On July 30, 2010, NMT received a notification from The NASDAQ Stock Market that the bid price of the Company's common stock had closed below the minimum $1.00 per share requirement for continued listing for 30 consecutive days and that its market value was below the $35 million minimum value for listed securities. NMT was given 180 calendar days, or until January 26, 2011, to regain compliance for a minimum of ten consecutive business days. The Company has decided not to appeal to a NASDAQ Hearings Panel for an additional 180-day grace period.

Richard E. Davis, NMT's Chairman, President and Chief Executive Officer, said, "We expect our equity to continue to be actively traded on the OTCQB Marketplace. We will continue to operate and report as a public company and do not believe that this development will affect our ongoing efforts."

About OTC Markets Group

OTC Markets Group Inc. operates the world's largest electronic marketplace for broker-dealers to trade unlisted stocks. Its OTC Link platform supports an open network of competing broker-dealers that provide investors with the best prices in over 10,000 OTC securities. In 2010, securities on OTC Link traded over $144 billion in dollar volume, making it the third largest U.S. equity trading venue after NASDAQ and the NYSE. The wide spectrum of OTC-traded companies are categorized into three tiers-OTCQX (the quality-controlled marketplace for investor friendly companies), OTCQB (the U.S. reporting company marketplace for development stage companies), and OTC

Pink (the speculative trading marketplace). This categorization enables investors to identify the level and quality of information companies provide. To learn more about the OTC Markets Group, visit www.otcmarkets.com.

About NMT Medical, Inc.

NMT Medical is an advanced medical technology company that designs, develops, manufactures and markets proprietary implant technologies that allow interventional cardiologists to treat structural heart disease through minimally invasive, catheter-based procedures.
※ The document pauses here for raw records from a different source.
(* Define $\sigma:\mathbb N\to\mathbb N$ by $$\sigma(n)=\begin{cases}\lfloor(\varphi+1) n-2\rfloor, & n\in R_{1,0},\\ \lfloor\varphi n+2\rfloor, & n\in R_{3,1},\\ \lfloor(\varphi-1) n+2\rfloor, & n\in R_{2,2},\\ \lfloor(\varphi-1) n\rfloor, & n\in R_{2,0}.\end{cases}$$ Then $\sigma$ is an $R_{i,j}$-permutation of $\mathbb N$ of order $6$ (first values $2,3,1,8,11,5,16,4,7,24,\dots$), and its powers are the $R_{i,j}$-permutations $$\sigma^2(n)=\begin{cases}\lfloor\varphi n+2\rfloor, & n\in R_{2,2},\\ \lfloor\varphi n-2\rfloor, & n\in R_{1,0},\\ n, & n\in R_{4,0}\cup R_{3,1},\\ \lfloor(2-\varphi)n+1\rfloor, & n\in R_{3,2},\end{cases}\qquad \sigma^3(n)=\begin{cases}\lfloor\varphi n+2\rfloor, & n\in R_{3,1},\\ \lfloor(\varphi-1)n\rfloor, & n\in R_{4,0},\\ n, & n\in R_{3,2}\cup R_{2,2}\cup R_{1,0},\end{cases}$$ $$\sigma^4(n)=\begin{cases}\lfloor(\varphi+1)n-2\rfloor, & n\in R_{1,0},\\ \lfloor(\varphi-1)n+2\rfloor, & n\in R_{2,2},\\ \lfloor(\varphi-1)n\rfloor, & n\in R_{3,2},\\ n, & n\in R_{4,0}\cup R_{3,1},\end{cases}\qquad \sigma^5(n)=\sigma^{-1}(n)=\begin{cases}\lfloor\varphi n+2\rfloor, & n\in R_{1,1},\\ \lfloor\varphi n-2\rfloor, & n\in R_{1,0},\\ \lfloor(\varphi-1)n\rfloor, & n\in R_{4,0},\\ \lfloor(2-\varphi)n+1\rfloor, & n\in R_{3,2}.\end{cases}$$
   Context: $\mathbb N=\{1,2,\dots\}$, $\varphi=\frac{1+\sqrt5}{2}$, $F$ the Fibonacci numbers ($F(0)=0,F(1)=F(2)=1$). For $i\in\mathbb Z^{\ge0},j\in\mathbb Z$, $R_{i,j}$ is the range of $n\mapsto F(i+1)\lfloor n\varphi\rfloor+F(i)n-j$, $n\in\mathbb N$. An $R_{i,j}$-permutation is a permutation $\pi$ of $\mathbb N$ defined piecewise on a finite partition of $\mathbb N$ into sets $R_{i,j}$, with $\pi(n)=\lfloor(a\varphi+b)n+c\rfloor$ on each piece for integers $a,b,c$ depending on the piece. Powers denote iterated composition. *)

theory Defs
  imports Complex_Main "HOL-Number_Theory.Fib"
begin

definition phi :: real where "phi = (1 + sqrt 5) / 2"

definition R :: "nat \<Rightarrow> int \<Rightarrow> int set" where
  "R i j = {int (fib (i+1)) * \<lfloor>of_int n * phi\<rfloor> + int (fib i) * n - j | n::int. n \<ge> 1}"

definition Rpartition :: "(nat \<times> int) list \<Rightarrow> bool" where
  "Rpartition ps \<longleftrightarrow>
     (\<forall>k < length ps. \<forall>l < length ps. k \<noteq> l \<longrightarrow>
        R (fst (ps!k)) (snd (ps!k)) \<inter> R (fst (ps!l)) (snd (ps!l)) = {}) \<and>
     (\<Union>p \<in> set ps. R (fst p) (snd p)) = {1..}"

definition Rperm :: "(int \<Rightarrow> int) \<Rightarrow> bool" where
  "Rperm \<pi> \<longleftrightarrow> bij_betw \<pi> {1..} {1..} \<and>
     (\<exists>ps :: ((nat \<times> int) \<times> (int \<times> int \<times> int)) list.
        Rpartition (map fst ps) \<and>
        (\<forall>((i,j),(a,b,c)) \<in> set ps. \<forall>n \<in> R i j.
            \<pi> n = \<lfloor>(of_int a * phi + of_int b) * of_int n + of_int c\<rfloor>))"

definition sigma :: "int \<Rightarrow> int" where
  "sigma n = (if n \<in> R 1 0 then \<lfloor>(phi + 1) * n - 2\<rfloor>
              else if n \<in> R 3 1 then \<lfloor>phi * n + 2\<rfloor>
              else if n \<in> R 2 2 then \<lfloor>(phi - 1) * n + 2\<rfloor>
              else \<lfloor>(phi - 1) * n\<rfloor>)"

end

theory Submission
  imports Defs "HOL-Computational_Algebra.Primes" "HOL-Library.Disjoint_Sets"
begin

text \<open>
  Write A k = \<lfloor>k\<phi>\<rfloor> and B k = A k + k for the lower and upper Wythoff sequences. As \<phi> is
  irrational, A k = m iff m/\<phi> < k < (m+1)/\<phi>, and B k = m iff m/\<phi>^2 < k < (m+1)/\<phi>^2;
  since 1/\<phi> + 1/\<phi>^2 = 1, exactly one of these two intervals contains an integer, so A and B
  partition the positive integers. Hence each R i j occurring here is the range of a word in A
  and B on the positive integers (R 1 0 of B, R 1 1 of AA, R 2 0 of AB, R 2 2 of AAA, R 3 1 of
  AAB, R 3 2 of ABA, R 4 0 of ABB), and the ranges of B, AAA, AAB, ABA, ABB partition the
  positive integers. On these words sigma acts by the cycles B \<mapsto> ABA \<mapsto> AAA \<mapsto> B and
  AAB \<mapsto> ABB \<mapsto> AAB, so it has order 6, and each floor formula for a power of sigma is an
  identity between two words. All of them follow from one computation with the fractional part
  k\<phi> - A k \<in> (0, 1) and \<phi>^2 = \<phi> + 1.
\<close>

lemma square_neq_5_times_square:
  fixes p q :: int
  assumes "q \<noteq> 0"
  shows "p\<^sup>2 \<noteq> 5 * q\<^sup>2"
proof
  assume eq: "p\<^sup>2 = 5 * q\<^sup>2"
  have five: "prime (5::int)"
    by (simp add: prime_nat_iff' atLeastLessThan_nat_numeral)
  with assms eq have "p \<noteq> 0" by auto
  have "multiplicity 5 (p\<^sup>2) = 2 * multiplicity 5 p"
    using five \<open>p \<noteq> 0\<close> by (simp add: prime_elem_multiplicity_power_distrib)
  moreover have "multiplicity 5 (5 * q\<^sup>2) = Suc (2 * multiplicity 5 q)"
    using five assms by (simp add: multiplicity_times_same prime_elem_multiplicity_power_distrib)
  ultimately have "2 * multiplicity 5 p = Suc (2 * multiplicity 5 q)"
    using eq by simp
  then show False by presburger
qed

lemma floor_mult_eq_iff:
  fixes x \<alpha> \<beta> :: real
  assumes "\<alpha> * \<beta> = 1" "\<beta> > 0" "x * \<alpha> \<noteq> of_int m"
  shows "\<lfloor>x * \<alpha>\<rfloor> = m \<longleftrightarrow> m * \<beta> < x \<and> x < (m + 1) * \<beta>"
proof -
  have scale: "y < z \<longleftrightarrow> y * \<beta> < z * \<beta>" for y z
    using assms(2) by simp
  have x: "x * \<alpha> * \<beta> = x"
    using assms(1) by (simp add: mult.assoc)
  have "m \<le> x * \<alpha> \<longleftrightarrow> m * \<beta> < x"
    using scale[of m "x * \<alpha>"] x assms(3) by auto
  moreover have "x * \<alpha> < m + 1 \<longleftrightarrow> x < (m + 1) * \<beta>"
    using scale[of "x * \<alpha>" "m + 1"] x by simp
  ultimately show ?thesis
    by (simp add: floor_eq_iff)
qed

lemma bij_betw_if_funpow_id:
  assumes "f ` S \<subseteq> S" "\<forall>x\<in>S. (f ^^ Suc n) x = x"
  shows "bij_betw f S S"
proof (rule bij_betw_byWitness[where f' = "f ^^ n"])
  have "(f ^^ m) ` S \<subseteq> S" for m
    using assms(1) by (induction m) auto
  then show "(f ^^ n) ` S \<subseteq> S" .
  show "\<forall>x\<in>S. (f ^^ n) (f x) = x" "\<forall>x\<in>S. f ((f ^^ n) x) = x"
    using assms(2) by (simp_all add: funpow_Suc_right del: funpow.simps(2)) (simp add: funpow_swap1)
qed (rule assms(1))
NMT is currently investigating the potential connection between a common heart defect that allows a right-to-left shunt or flow of blood through a defect like a patent foramen ovale (PFO) and brain attacks such as embolic stroke, transient ischemic attacks (TIAs) and migraine headaches. A common right-to-left shunt can allow venous blood, unfiltered and unmanaged by the lungs, to enter the arterial circulation of the brain, possibly triggering a cerebral event or brain attack. More than 34,000 PFOs have been treated globally with NMT's minimally invasive, catheter-based implant technology.

For more information about NMT Medical, please visit www.nmtmedical.com.

 

This press release contains "forward-looking statements" within the meaning of the Private Securities Litigation Reform Act of 1995. Such forward-looking statements - including statements regarding NMT's expectation that its equity will continue to be actively traded on the OTCQB Marketplace; plans to continue to operate and report as a public company; and belief that this development will not affect NMT's ongoing efforts - involve known and unknown risks, uncertainties or other factors that may cause actual results, performance or achievements of the Company to be materially different from any future results, performance or achievements expressed or implied by such forward-looking statements. Factors that may cause such a difference include, but are not limited to, the Company's ability to develop and commercialize new products, a potential delay in the regulatory process with the U.S. Food and Drug Administration and foreign regulatory agencies, as well as risk fac tors discussed under the heading "Risk Factors" included in the Company's Annual Report on Form 10-K for the year ended December 31, 2009, Form 10-Q for the quarter ended September 30, 2010 and subsequent filings with the U.S. Securities and Exchange Commission.